━━ SUPPLIED MATERIAL ━━

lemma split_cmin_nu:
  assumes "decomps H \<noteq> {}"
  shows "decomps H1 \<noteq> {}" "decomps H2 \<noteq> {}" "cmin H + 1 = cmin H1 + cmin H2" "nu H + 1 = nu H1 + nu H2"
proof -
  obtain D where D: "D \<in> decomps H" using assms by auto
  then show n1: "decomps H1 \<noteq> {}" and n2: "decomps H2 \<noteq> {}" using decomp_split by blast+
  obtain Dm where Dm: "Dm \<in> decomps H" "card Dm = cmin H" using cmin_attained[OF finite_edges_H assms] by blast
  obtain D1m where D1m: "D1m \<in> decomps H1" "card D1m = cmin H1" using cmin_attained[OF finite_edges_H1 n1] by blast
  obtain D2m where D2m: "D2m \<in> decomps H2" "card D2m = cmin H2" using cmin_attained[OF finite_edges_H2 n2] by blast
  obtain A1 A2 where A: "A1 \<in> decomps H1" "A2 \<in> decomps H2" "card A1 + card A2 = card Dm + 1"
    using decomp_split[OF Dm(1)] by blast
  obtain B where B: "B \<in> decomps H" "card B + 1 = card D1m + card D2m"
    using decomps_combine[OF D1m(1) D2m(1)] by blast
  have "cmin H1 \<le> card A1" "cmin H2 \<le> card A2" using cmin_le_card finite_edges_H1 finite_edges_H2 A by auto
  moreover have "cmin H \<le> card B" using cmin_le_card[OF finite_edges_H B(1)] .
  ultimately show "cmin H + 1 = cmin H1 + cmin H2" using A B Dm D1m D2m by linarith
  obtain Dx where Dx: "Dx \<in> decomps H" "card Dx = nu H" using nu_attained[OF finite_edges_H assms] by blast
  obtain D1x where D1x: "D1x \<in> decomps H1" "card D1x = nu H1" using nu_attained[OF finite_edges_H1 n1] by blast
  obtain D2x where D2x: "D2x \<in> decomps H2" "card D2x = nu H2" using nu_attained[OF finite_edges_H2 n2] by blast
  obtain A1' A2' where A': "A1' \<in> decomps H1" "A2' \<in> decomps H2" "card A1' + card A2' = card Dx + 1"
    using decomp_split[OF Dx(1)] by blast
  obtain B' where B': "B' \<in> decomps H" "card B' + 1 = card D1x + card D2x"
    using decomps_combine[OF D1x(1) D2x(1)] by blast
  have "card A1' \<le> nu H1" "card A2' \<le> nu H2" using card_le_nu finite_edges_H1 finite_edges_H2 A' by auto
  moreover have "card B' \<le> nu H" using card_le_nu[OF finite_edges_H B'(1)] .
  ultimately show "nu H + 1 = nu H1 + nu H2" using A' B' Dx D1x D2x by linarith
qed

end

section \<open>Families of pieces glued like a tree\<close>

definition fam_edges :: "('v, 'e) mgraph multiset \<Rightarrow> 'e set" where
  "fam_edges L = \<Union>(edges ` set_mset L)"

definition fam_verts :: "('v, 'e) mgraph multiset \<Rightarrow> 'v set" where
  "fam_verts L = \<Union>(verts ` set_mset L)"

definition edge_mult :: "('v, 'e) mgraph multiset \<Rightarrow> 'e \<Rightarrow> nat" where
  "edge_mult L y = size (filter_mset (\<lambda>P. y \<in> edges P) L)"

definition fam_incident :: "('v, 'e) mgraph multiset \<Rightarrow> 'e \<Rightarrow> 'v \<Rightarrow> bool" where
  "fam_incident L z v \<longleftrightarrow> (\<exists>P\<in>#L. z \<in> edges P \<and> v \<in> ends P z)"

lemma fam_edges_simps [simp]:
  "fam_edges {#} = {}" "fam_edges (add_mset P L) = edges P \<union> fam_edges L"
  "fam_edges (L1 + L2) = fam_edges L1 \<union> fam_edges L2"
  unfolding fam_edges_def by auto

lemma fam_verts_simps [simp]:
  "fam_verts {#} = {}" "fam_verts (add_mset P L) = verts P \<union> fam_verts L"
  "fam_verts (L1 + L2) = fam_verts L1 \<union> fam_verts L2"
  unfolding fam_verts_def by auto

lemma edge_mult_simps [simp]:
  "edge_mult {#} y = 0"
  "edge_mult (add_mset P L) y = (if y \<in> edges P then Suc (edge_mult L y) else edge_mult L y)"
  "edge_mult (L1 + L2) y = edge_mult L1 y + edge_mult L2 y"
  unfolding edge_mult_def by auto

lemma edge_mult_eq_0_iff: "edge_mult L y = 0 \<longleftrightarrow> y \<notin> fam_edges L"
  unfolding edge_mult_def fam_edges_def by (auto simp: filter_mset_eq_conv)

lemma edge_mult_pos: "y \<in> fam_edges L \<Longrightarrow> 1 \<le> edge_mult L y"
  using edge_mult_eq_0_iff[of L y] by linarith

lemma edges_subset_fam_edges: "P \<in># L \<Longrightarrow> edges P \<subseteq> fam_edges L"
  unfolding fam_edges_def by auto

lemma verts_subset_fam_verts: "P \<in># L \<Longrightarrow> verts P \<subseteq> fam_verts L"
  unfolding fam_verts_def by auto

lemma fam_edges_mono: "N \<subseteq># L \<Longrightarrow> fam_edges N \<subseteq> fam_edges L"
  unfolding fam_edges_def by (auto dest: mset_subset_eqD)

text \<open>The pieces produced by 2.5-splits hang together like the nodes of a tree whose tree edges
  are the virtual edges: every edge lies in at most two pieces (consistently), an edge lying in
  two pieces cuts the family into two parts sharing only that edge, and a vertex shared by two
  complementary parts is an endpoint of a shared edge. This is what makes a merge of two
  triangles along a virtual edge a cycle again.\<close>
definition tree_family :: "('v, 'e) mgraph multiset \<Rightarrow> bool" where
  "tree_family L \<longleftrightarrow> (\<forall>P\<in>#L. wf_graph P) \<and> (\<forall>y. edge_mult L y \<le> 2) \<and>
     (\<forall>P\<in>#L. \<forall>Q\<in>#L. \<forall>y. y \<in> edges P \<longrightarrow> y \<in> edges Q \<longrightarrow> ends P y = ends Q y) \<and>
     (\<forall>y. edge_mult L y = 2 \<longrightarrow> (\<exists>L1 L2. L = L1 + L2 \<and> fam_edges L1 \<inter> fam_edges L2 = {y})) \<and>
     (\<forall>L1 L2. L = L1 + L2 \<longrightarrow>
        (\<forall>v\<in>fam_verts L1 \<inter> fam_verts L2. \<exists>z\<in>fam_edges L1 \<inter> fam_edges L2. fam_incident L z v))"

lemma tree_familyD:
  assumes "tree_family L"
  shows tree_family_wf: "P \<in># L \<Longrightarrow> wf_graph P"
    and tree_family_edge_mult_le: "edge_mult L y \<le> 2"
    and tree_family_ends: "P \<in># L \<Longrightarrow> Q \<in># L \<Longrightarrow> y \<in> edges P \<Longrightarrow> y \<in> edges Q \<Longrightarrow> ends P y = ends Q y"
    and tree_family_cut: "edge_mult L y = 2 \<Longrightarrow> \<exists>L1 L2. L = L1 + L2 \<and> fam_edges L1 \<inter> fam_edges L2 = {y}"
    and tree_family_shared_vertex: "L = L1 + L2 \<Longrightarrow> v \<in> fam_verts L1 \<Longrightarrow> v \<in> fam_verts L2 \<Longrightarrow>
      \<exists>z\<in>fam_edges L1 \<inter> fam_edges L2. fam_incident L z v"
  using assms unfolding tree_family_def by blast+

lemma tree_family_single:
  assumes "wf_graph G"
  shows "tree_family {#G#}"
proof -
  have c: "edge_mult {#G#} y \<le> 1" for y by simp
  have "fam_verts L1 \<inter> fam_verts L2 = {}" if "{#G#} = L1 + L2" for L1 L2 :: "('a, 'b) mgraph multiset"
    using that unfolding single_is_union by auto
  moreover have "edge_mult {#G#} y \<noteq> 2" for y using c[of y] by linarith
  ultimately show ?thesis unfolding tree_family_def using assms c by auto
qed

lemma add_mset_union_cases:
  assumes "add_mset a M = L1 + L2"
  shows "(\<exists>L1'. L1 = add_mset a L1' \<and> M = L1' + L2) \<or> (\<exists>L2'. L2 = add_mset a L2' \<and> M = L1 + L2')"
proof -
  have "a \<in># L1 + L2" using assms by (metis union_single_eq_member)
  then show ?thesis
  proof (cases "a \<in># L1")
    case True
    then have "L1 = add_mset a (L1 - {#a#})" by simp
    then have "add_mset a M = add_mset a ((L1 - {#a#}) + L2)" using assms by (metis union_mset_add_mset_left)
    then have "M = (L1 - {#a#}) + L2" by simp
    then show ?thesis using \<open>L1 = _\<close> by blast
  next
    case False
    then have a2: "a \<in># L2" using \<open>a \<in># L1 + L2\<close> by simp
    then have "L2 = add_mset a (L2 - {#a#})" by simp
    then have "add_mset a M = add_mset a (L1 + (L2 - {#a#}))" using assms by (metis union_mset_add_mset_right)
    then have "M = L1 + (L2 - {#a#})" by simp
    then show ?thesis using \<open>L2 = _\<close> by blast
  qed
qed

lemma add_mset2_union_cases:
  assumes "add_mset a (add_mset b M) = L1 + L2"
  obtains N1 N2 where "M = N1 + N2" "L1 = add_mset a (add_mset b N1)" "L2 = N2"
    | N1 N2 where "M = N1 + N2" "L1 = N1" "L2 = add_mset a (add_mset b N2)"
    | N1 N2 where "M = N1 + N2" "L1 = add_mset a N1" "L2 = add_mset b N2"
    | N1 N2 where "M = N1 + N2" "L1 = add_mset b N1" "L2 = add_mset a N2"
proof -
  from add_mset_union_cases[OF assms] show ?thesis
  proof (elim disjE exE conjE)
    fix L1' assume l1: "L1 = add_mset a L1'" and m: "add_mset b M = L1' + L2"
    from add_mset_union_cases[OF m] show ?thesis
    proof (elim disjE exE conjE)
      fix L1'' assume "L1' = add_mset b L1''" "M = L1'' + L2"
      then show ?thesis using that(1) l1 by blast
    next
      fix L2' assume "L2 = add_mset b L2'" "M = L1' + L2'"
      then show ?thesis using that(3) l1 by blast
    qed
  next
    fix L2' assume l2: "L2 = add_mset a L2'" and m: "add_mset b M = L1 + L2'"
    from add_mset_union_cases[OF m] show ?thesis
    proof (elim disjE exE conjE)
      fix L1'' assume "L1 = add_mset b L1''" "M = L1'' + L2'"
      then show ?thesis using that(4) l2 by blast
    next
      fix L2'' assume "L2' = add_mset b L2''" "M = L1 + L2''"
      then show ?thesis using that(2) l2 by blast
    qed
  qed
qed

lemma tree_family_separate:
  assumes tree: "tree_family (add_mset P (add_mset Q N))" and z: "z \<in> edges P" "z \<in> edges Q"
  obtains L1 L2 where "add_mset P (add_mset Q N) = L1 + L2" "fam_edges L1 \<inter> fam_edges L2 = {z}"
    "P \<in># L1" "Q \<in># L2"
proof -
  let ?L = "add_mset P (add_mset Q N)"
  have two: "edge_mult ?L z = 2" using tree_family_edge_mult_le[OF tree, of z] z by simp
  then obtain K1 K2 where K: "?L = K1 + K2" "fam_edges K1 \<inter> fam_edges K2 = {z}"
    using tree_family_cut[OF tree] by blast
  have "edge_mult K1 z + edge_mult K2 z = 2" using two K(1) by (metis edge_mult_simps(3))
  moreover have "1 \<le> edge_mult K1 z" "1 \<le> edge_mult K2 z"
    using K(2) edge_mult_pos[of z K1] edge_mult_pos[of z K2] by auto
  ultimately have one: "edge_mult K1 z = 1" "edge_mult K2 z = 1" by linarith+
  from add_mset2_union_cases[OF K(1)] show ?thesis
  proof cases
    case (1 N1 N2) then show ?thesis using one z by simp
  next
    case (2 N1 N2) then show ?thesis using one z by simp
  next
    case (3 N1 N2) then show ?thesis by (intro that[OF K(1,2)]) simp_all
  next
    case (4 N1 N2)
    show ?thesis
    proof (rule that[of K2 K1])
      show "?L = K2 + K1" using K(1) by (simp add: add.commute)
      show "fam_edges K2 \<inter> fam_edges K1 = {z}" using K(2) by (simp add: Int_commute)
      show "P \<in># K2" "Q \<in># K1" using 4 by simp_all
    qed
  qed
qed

━━━

**WHAT TO PRODUCE:**
Output the lines of the records above exactly as they appear, from the line containing "obtain Dm where" through the line containing "obtain A1 A2".

**FINISHED TASK:**
  obtain Dm where Dm: "Dm \<in> decomps H" "card Dm = cmin H" using cmin_attained[OF finite_edges_H assms] by blast
  obtain D1m where D1m: "D1m \<in> decomps H1" "card D1m = cmin H1" using cmin_attained[OF finite_edges_H1 n1] by blast
  obtain D2m where D2m: "D2m \<in> decomps H2" "card D2m = cmin H2" using cmin_attained[OF finite_edges_H2 n2] by blast
  obtain A1 A2 where A: "A1 \<in> decomps H1" "A2 \<in> decomps H2" "card A1 + card A2 = card Dm + 1"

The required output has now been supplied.